Einschränkend ist anzumerken, dass trotz des feuchteren Klimas während der Grünen Sahara keine Hinweise auf nennenswerte Genströmungen aus dem südlichen Afrika in den Norden zu finden sind. Trotz der Öffnung der Landschaft für Wanderungen und Handel hatten die Bevölkerungssysteme aufgrund ökologischer Fragmentierung, kultureller Differenzierung und sozialer Barrieren kaum genetische Vermischung zur Folge. Die Sahara blieb somit ein wirksamer genetischer und kultureller Pufferraum. Die Forschungsergebnisse leisten nicht nur einen wesentlichen Beitrag zur Rekonstruktion der prähistorischen Bevölkerungsstruktur Nordafrikas, sondern werfen auch ein neues Licht auf die Verbreitung menschlicher Kulturen und Technologien. Die Grüne Sahara diente als Bühne für die Ausbildung eines bedeutsamen nordafrikanischen Genpools, der heutige Bevölkerungsgeschichten maßgeblich beeinflusste.

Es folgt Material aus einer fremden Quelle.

(* Let $\mathcal F$ be a finite set of edge-colored graphs (edge colors $[r]$) such that for every color $i\in[r]$ there exists an $\mathcal F$-safe colored $i$-determiner. Then for every $d\in\mathbb N$ and every $i\in[r]$ there exists an $\mathcal F$-safe $d$-remote colored $i$-determiner.
   Context: Graphs are finite simple undirected. An edge-colored graph is $(G,\gamma)$, $\gamma\colon E(G)\to[r]$. $(G,\gamma)$ is $\mathcal F$-free if there is no $(F,\phi)\in\mathcal F$ and graph homomorphism $h\colon F\to G$ with $\gamma(h(e))=\phi(e)$ for all $e\in E(F)$. A partially edge-colored graph is $(G,\xi)$ with $\xi\colon S\to[r]$, $S=\mathrm{dom}(\xi)\subseteq E(G)$; an extension of $\xi$ is $\gamma\colon E(G)\to[r]$ with $\gamma|_S=\xi$. Gluing: for graphs $G,H$ with pairwise disjoint edges $e_1,\dots,e_k\in E(G)$, $f_1,\dots,f_k\in E(H)$, $G\oplus H$ is obtained from the disjoint union by identifying $e_j$ with $f_j$ for each $j$ (identifying endpoints in some way). $(G,\xi)$ with pairwise disjoint edges $e_1,\dots,e_k\notin\mathrm{dom}(\xi)$ is $\mathcal F$-safe along $e_1,\dots,e_k$ if (a) $\xi$ has an $\mathcal F$-free extension, and (b) for every $\mathcal F$-free $(H,\gamma_H)$ and pairwise disjoint $f_1,\dots,f_k\in E(H)$ such that some $\mathcal F$-free extension $\gamma$ of $\xi$ satisfies $\gamma(e_j)=\gamma_H(f_j)$ for all $j$, and every way of forming $G\oplus H$, the partial coloring $\xi\cup\gamma_H$ of $G\oplus H$ has an $\mathcal F$-free extension. $\mathrm{dist}(e,e')$ is the minimum shortest-path distance between an endpoint of $e$ and one of $e'$; $\mathrm{dist}(e,S)=\min_{e'\in S}\mathrm{dist}(e,e')$. A colored $i$-determiner is $(G,\xi,e)$ with $e\in E(G)\setminus\mathrm{dom}(\xi)$ such that (1) one endpoint of $e$ is incident to no edge of $\mathrm{dom}(\xi)$, (2) $\xi$ has an $\mathcal F$-free extension, (3) every $\mathcal F$-free extension $\gamma$ of $\xi$ has $\gamma(e)=i$. It is $d$-remote if $\mathrm{dist}(e,\mathrm{dom}(\xi))\ge d$, and $\mathcal F$-safe if $(G,\xi)$ is $\mathcal F$-safe along $e$. *)

theory Defs
  imports Main
begin

definition graph :: "'v set \<Rightarrow> 'v set set \<Rightarrow> bool" where
  "graph V E \<longleftrightarrow> finite V \<and> (\<forall>e\<in>E. e \<subseteq> V \<and> card e = 2)"

definition coloring :: "nat \<Rightarrow> 'v set set \<Rightarrow> ('v set \<Rightarrow> nat) \<Rightarrow> bool" where
  "coloring r E \<gamma> \<longleftrightarrow> (\<forall>e\<in>E. \<gamma> e \<in> {1..r})"

definition pcoloring :: "nat \<Rightarrow> 'v set set \<Rightarrow> ('v set \<rightharpoonup> nat) \<Rightarrow> bool" where
  "pcoloring r E \<xi> \<longleftrightarrow> dom \<xi> \<subseteq> E \<and> ran \<xi> \<subseteq> {1..r}"

definition extension :: "nat \<Rightarrow> 'v set set \<Rightarrow> ('v set \<rightharpoonup> nat) \<Rightarrow> ('v set \<Rightarrow> nat) \<Rightarrow> bool" where
  "extension r E \<xi> \<gamma> \<longleftrightarrow> coloring r E \<gamma> \<and> (\<forall>e\<in>dom \<xi>. \<xi> e = Some (\<gamma> e))"

definition col_hom :: "'a set \<Rightarrow> 'a set set \<Rightarrow> ('a set \<Rightarrow> nat) \<Rightarrow> 'v set \<Rightarrow> 'v set set \<Rightarrow> ('v set \<Rightarrow> nat) \<Rightarrow> ('a \<Rightarrow> 'v) \<Rightarrow> bool" where
  "col_hom VF EF \<phi> V E \<gamma> h \<longleftrightarrow> h ` VF \<subseteq> V \<and> (\<forall>e\<in>EF. h ` e \<in> E \<and> \<gamma> (h ` e) = \<phi> e)"

definition Ffree :: "('a set \<times> 'a set set \<times> ('a set \<Rightarrow> nat)) set \<Rightarrow> 'v set \<Rightarrow> 'v set set \<Rightarrow> ('v set \<Rightarrow> nat) \<Rightarrow> bool" where
  "Ffree \<F> V E \<gamma> \<longleftrightarrow> \<not> (\<exists>(VF, EF, \<phi>)\<in>\<F>. \<exists>h. col_hom VF EF \<phi> V E \<gamma> h)"

definition pairwise_disj_list :: "'v set list \<Rightarrow> bool" where
  "pairwise_disj_list es \<longleftrightarrow> (\<forall>i<length es. \<forall>j<length es. i \<noteq> j \<longrightarrow> es ! i \<inter> es ! j = {})"

text \<open>(VK,EK) is a way of forming G (+) H, gluing edge es!j of G to fs!j of H:
  g and h are the (injective) embeddings of G and H into K, K is the union of the images,
  the images intersect exactly in the identified edges, and es!j is identified with fs!j.\<close>
definition glued :: "'v set \<Rightarrow> 'v set set \<Rightarrow> 'w set \<Rightarrow> 'w set set \<Rightarrow> 'v set list \<Rightarrow> 'w set list
    \<Rightarrow> 'u set \<Rightarrow> 'u set set \<Rightarrow> ('v \<Rightarrow> 'u) \<Rightarrow> ('w \<Rightarrow> 'u) \<Rightarrow> bool" where
  "glued V E VH EH es fs VK EK g h \<longleftrightarrow>
     inj_on g V \<and> inj_on h VH \<and>
     VK = g ` V \<union> h ` VH \<and>
     EK = (\<lambda>e. g ` e) ` E \<union> (\<lambda>f. h ` f) ` EH \<and>
     g ` V \<inter> h ` VH = (\<Union>j<length es. g ` (es ! j)) \<and>
     (\<forall>j<length es. g ` (es ! j) = h ` (fs ! j))"

text \<open>(G,xi) is F-safe along the edges es. All graphs H and glued graphs K range over
  finite graphs with vertices in nat (every finite graph is isomorphic to such a graph).\<close>
definition safe :: "nat \<Rightarrow> ('a set \<times> 'a set set \<times> ('a set \<Rightarrow> nat)) set \<Rightarrow> nat set \<Rightarrow> nat set set
    \<Rightarrow> (nat set \<rightharpoonup> nat) \<Rightarrow> nat set list \<Rightarrow> bool" where
  "safe r \<F> V E \<xi> es \<longleftrightarrow>
     set es \<subseteq> E \<and> set es \<inter> dom \<xi> = {} \<and> distinct es \<and> pairwise_disj_list es \<and>
     (\<exists>\<gamma>. extension r E \<xi> \<gamma> \<and> Ffree \<F> V E \<gamma>) \<and>
     (\<forall>(VH::nat set) EH \<gamma>H fs.
        graph VH EH \<and> coloring r EH \<gamma>H \<and> Ffree \<F> VH EH \<gamma>H \<and>
        length fs = length es \<and> set fs \<subseteq> EH \<and> distinct fs \<and> pairwise_disj_list fs \<and>
        (\<exists>\<gamma>. extension r E \<xi> \<gamma> \<and> Ffree \<F> V E \<gamma> \<and>
              (\<forall>j<length es. \<gamma> (es ! j) = \<gamma>H (fs ! j)))
        \<longrightarrow> (\<forall>(VK::nat set) EK g h. glued V E VH EH es fs VK EK g h \<longrightarrow>
               (\<exists>\<gamma>K. coloring r EK \<gamma>K \<and> Ffree \<F> VK EK \<gamma>K \<and>
                     (\<forall>e\<in>dom \<xi>. \<xi> e = Some (\<gamma>K (g ` e))) \<and>
                     (\<forall>f\<in>EH. \<gamma>K (h ` f) = \<gamma>H f))))"

definition walk_len :: "'v set set \<Rightarrow> 'v \<Rightarrow> 'v \<Rightarrow> nat \<Rightarrow> bool" where
  "walk_len E u v n \<longleftrightarrow> (\<exists>p. length p = Suc n \<and> p ! 0 = u \<and> p ! n = v \<and>
                               (\<forall>i<n. {p ! i, p ! Suc i} \<in> E))"

text \<open>dist(e, S) >= d (with the minimum over an empty set / disconnected pairs being infinite).\<close>
definition remote :: "nat \<Rightarrow> 'v set set \<Rightarrow> 'v set \<Rightarrow> 'v set set \<Rightarrow> bool" where
  "remote d E e S \<longleftrightarrow> (\<forall>e'\<in>S. \<forall>u\<in>e. \<forall>v\<in>e'. \<forall>n<d. \<not> walk_len E u v n)"

definition determiner :: "nat \<Rightarrow> ('a set \<times> 'a set set \<times> ('a set \<Rightarrow> nat)) set \<Rightarrow> 'v set \<Rightarrow> 'v set set
    \<Rightarrow> ('v set \<rightharpoonup> nat) \<Rightarrow> 'v set \<Rightarrow> nat \<Rightarrow> bool" where
  "determiner r \<F> V E \<xi> e i \<longleftrightarrow>
     graph V E \<and> pcoloring r E \<xi> \<and> e \<in> E \<and> e \<notin> dom \<xi> \<and>
     (\<exists>x\<in>e. \<forall>e'\<in>dom \<xi>. x \<notin> e') \<and>
     (\<exists>\<gamma>. extension r E \<xi> \<gamma> \<and> Ffree \<F> V E \<gamma>) \<and>
     (\<forall>\<gamma>. extension r E \<xi> \<gamma> \<and> Ffree \<F> V E \<gamma> \<longrightarrow> \<gamma> e = i)"

end

theory Submission
  imports Defs
begin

Die Ergebnisse werfen außerdem Fragen zum Tempo und den Wegen der Neolithisierung in Afrika auf, indem sie einen deutlichen Fall kultureller Diffusion gegenüber genetischer Migration dokumentieren. Zukunftsperspektiven zeigen, dass weitere aDNA-Forschungen an anderen Fundstellen der Sahara und angrenzender Regionen notwendig sind, um die genetischen Verflechtungen über das gesamte nordafrikanische Gebiet besser zu verstehen. Technologische Fortschritte in Sequenzierungsmethoden und der Analyse geringer DNA-Mengen versprechen tiefergehende Einblicke, die gerade in Regionen mit schwierigeren Erhaltungsbedingungen bislang kaum möglich waren. Zusammenfassend zeigt die Analyse antiker DNA aus der Grünen Sahara, dass die frühgeschichtlichen Menschen dort eine tief verwurzelte, eigenständige nordafrikanische Linie repräsentierten. Diese Linie war sowohl genetisch isoliert als auch kulturell dynamisch und prägte die menschliche Geschichte Nordafrikas nachhaltig.
Die Erkenntnisse unterstützen ein umfassenderes Bild von prähistorischer Mobilität, kulturellem Wandel und Bevölkerungsdynamik in einem der faszinierendsten und bislang am wenigsten verstandenen Gebiete der Menschheitsgeschichte.